DIS ST 360 Redesigning Humanity: Disability in Speculative Fiction. (Full-term, 5 credits)

Instructor: Joanne Woiak, jwoiak@uw.edu
Term: Full-term
Syllabus: 360 Syllabus link
Distance learning format: Asynchronous
Fulfills: DIV, SSc, DIS ST Subfield C Diversity, Representation, Identity
Readings: We will read short stories, watch SF films, and read these 2 novels: Rivers Solomon, An Unkindness of Ghosts (2017); Octavia E. Butler, Dawn (1987)

Course description: How did speculative fiction writer Octavia E. Butler and other disabled, BIPOC, and multiply marginalized artist-activists imagine where we would be in the near future?
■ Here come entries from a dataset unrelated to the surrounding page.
text \<open>Node \<open>v\<^sub>i\<close> is woken in round \<open>i\<close> with
  \<open>\<delta> = 1\<close>; while \<open>v\<^sub>i\<^sub>-\<^sub>1\<close> still runs its induced 6-round cycle, its beep arrives exactly when
  \<open>v\<^sub>i\<close> listens with \<open>\<delta> = 6\<close> and resets \<open>v\<^sub>i\<close> to \<open>\<delta> = 1\<close>, so \<open>v\<^sub>i\<close> also repeats a 6-round cycle.
  Node \<open>v\<^sub>0\<close> is never reset and falls into the free 7-cycle at round 6; inductively \<open>v\<^sub>i\<close> loses
  its last reset and joins the free 7-cycle \<open>\<delta>\<^sub>t = (t + 1) mod 7\<close> at round \<open>7i + 6\<close>.
  At round \<open>7D\<close> the last node has \<open>\<delta> = 1\<close>, agreeing with the free cycle, while in every earlier
  round \<open>v\<^sub>D\<close> and \<open>v\<^sub>D\<^sub>-\<^sub>1\<close> still disagree.\<close>

abbreviation path_run :: "nat \<Rightarrow> nat \<Rightarrow> nat \<Rightarrow> nstate" where
  "path_run D \<equiv> fs_run 7 (path_adj D) (\<lambda>t v. t = 0 \<and> v = 0)"

definition wave_state :: "nat \<Rightarrow> nat \<Rightarrow> nstate" where
  "wave_state i t =
    (if t < i then Inactive
     else if t < 7 * i + 6
     then Act ((t - i) mod 6 + 1) (if (t - i) mod 6 = 0 then Beep else Listen) True
     else Act ((t + 1) mod 7) (if (t + 1) mod 7 = 0 then Beep else Listen) False)"

definition wave_beeps :: "nat \<Rightarrow> nat \<Rightarrow> bool" where
  "wave_beeps i t \<longleftrightarrow>
     i \<le> t \<and> (if t < 7 * i + 6 then (t - i) mod 6 = 0 else (t + 1) mod 7 = 0)"

definition wave_hears :: "nat \<Rightarrow> nat \<Rightarrow> nat \<Rightarrow> bool" where
  "wave_hears D v t \<longleftrightarrow> (0 < v \<and> wave_beeps (v - 1) t) \<or> (v < D \<and> wave_beeps (v + 1) t)"

lemma beeps_wave_state: "beeps (wave_state i t) = wave_beeps i t"
  by (simp add: wave_state_def wave_beeps_def)

lemma is_CP_7_iff: "is_CP 7 c \<longleftrightarrow> c = 0"
  unfolding is_CP_def by presburger

lemma node_step_7_Listen:
  "node_step 7 (Act d Listen ind) heard =
    (if heard then
       if d mod 7 = 6 then Act ((d + 2) mod 7) Beep True else Act ((d + 1) mod 7) Listen ind
     else if (d + 1) mod 7 = 0 then Act 0 Beep False else Act ((d + 1) mod 7) Listen ind)"
proof -
  have "int d mod 7 = int (d mod 7)"
    by (simp add: zmod_int)
  then have "int d mod 7 = -1 mod 7 \<longleftrightarrow> d mod 7 = 6"
    by simp
  then show ?thesis
    by (auto simp: is_CP_7_iff Let_def)
qed

declare node_step.simps(3) [simp del] node_step_7_Listen [simp]

lemma wave_hears_before_activation:
  assumes "t < v"
  shows "wave_hears D v t \<longleftrightarrow> Suc t = v"
  using assms unfolding wave_hears_def wave_beeps_def by (cases "Suc t = v") auto

lemma wave_hears_reset:
  assumes "v \<le> t" "t < 7 * v + 5" "(t - v) mod 6 = 5"
  shows "wave_hears D v t"
proof -
  define q where "q = (t - v) div 6"
  have t: "t = v + 6 * q + 5"
    using assms(1,3) div_mult_mod_eq[of "t - v" 6] unfolding q_def by simp
  have "q < v"
    using assms(2) t by simp
  then consider "q < v - 1" | "q = v - 1"
    by linarith
  then have "wave_beeps (v - 1) t"
  proof cases
    case 1
    have "t - (v - 1) = 6 * (q + 1)"
      using t \<open>q < v\<close> by simp
    then show ?thesis
      using 1 t unfolding wave_beeps_def by auto
  next
    case 2
    have "t + 1 = 7 * v"
      using t 2 \<open>q < v\<close> by (cases v) simp_all
    then have "(t + 1) mod 7 = 0" "\<not> t < 7 * (v - 1) + 6"
      by simp_all
    then show ?thesis
      using t unfolding wave_beeps_def by auto
  qed
  then show ?thesis
    using \<open>q < v\<close> unfolding wave_hears_def by simp
qed

lemma wave_hears_release:
  assumes "t = 7 * v + 5"
  shows "\<not> wave_hears D v t"
proof -
  have "t + 1 = 6 + 7 * v" "t - (v + 1) = 4 + 6 * v"
    using assms by simp_all
  then have "(t + 1) mod 7 = 6" "(t - (v + 1)) mod 6 = 4"
    by simp_all
  moreover have "\<not> t < 7 * (v - 1) + 6" if "0 < v"
    using assms that by (cases v) auto
  ultimately show ?thesis
    using assms unfolding wave_hears_def wave_beeps_def by auto
qed

lemma wave_hears_free:
  assumes "7 * v + 6 \<le> t" "(t + 1) mod 7 = 6"
  shows "\<not> wave_hears D v t"
proof -
  have "\<not> wave_beeps (v + 1) t"
  proof
    assume beep: "wave_beeps (v + 1) t"
    define k where "k = (t + 1) div 7"
    have t: "t = 7 * k + 5"
      using assms(2) div_mult_mod_eq[of "t + 1" 7] unfolding k_def by simp
    have "t < 7 * (v + 1) + 6"
      using beep assms(2) unfolding wave_beeps_def by (auto split: if_splits)
    then have "k = v + 1"
      using t assms(1) by presburger
    then have "(t - (v + 1)) mod 6 = 5"
      using t by simp
    then show False
      using beep \<open>t < 7 * (v + 1) + 6\<close> unfolding wave_beeps_def by simp
  qed
  then show ?thesis
    using assms unfolding wave_hears_def wave_beeps_def by auto
qed

lemma node_step_wave_state_induced:
  assumes "v \<le> t" "t < 7 * v + 6"
  shows "node_step 7 (wave_state v t) (wave_hears D v t) = wave_state v (Suc t)"
proof -
  define s where "s = (t - v) mod 6"
  have "s < 6"
    unfolding s_def by simp
  have state: "wave_state v t = Act (s + 1) (if s = 0 then Beep else Listen) True"
    using assms unfolding wave_state_def s_def by simp
  consider "t = 7 * v + 5" | "t \<noteq> 7 * v + 5" "s = 5" | "s < 5"
    using \<open>s < 6\<close> by linarith
  then show ?thesis
  proof cases
    case 1
    have "(Suc t + 1) mod 7 = 0"
      using 1 by simp
    moreover have "s = 5"
      using 1 unfolding s_def by (simp add: mod_add_left_eq[of "6 * v" 6 5, symmetric])
    ultimately show ?thesis
      using 1 state wave_hears_release[OF 1]
      by (simp add: wave_state_def)
  next
    case 2
    have "(Suc t - v) mod 6 = 0"
      using 2 assms(1) unfolding s_def by (simp add: Suc_diff_le mod_Suc)
    then show ?thesis
      using 2 assms state wave_hears_reset[of v t D]
      by (simp add: wave_state_def s_def)
  next
    case 3
    have "(Suc t - v) mod 6 = s + 1"
      using 3 assms(1) unfolding s_def by (simp add: Suc_diff_le mod_Suc)
    moreover have "Suc t < 7 * v + 6"
      using 3 assms unfolding s_def by (cases "t = 7 * v + 5") simp_all
    ultimately show ?thesis
      using 3 assms state
      by (auto simp: wave_state_def)
  qed
qed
Their interventions in the speculative fiction (SF) genre aim to “write ourselves into the future,” as visionary author Butler put it.

This course will analyze SF texts – centering stories and novels by Black disabled authors, as well as several SF films – that use speculative settings and non-realist conventions to comment on contemporary social, political, and ethical concerns.

 

B EDUC 491 / DIS ST/ LSJ / CHID 332 Disability and Society. (Full-term, 5 credits)

Instructor: Jason Naranjo, jnaranjo@uw.edu
Term: Full-term
Distance learning format: Hybrid, community-based learning
Fulfills: SSc, DIS ST Subfield A or C
Readings: We will read short stories, watch SF films, and read these 2 novels: Rivers Solomon, An Unkindness of Ghosts (2017); Octavia E. Butler, Dawn (1987)

Course modality: In-person class meetings on a few Fridays, and in addition 5-7 service learning days to arranged across a range of activities in the greater Seattle area with Outdoors For All.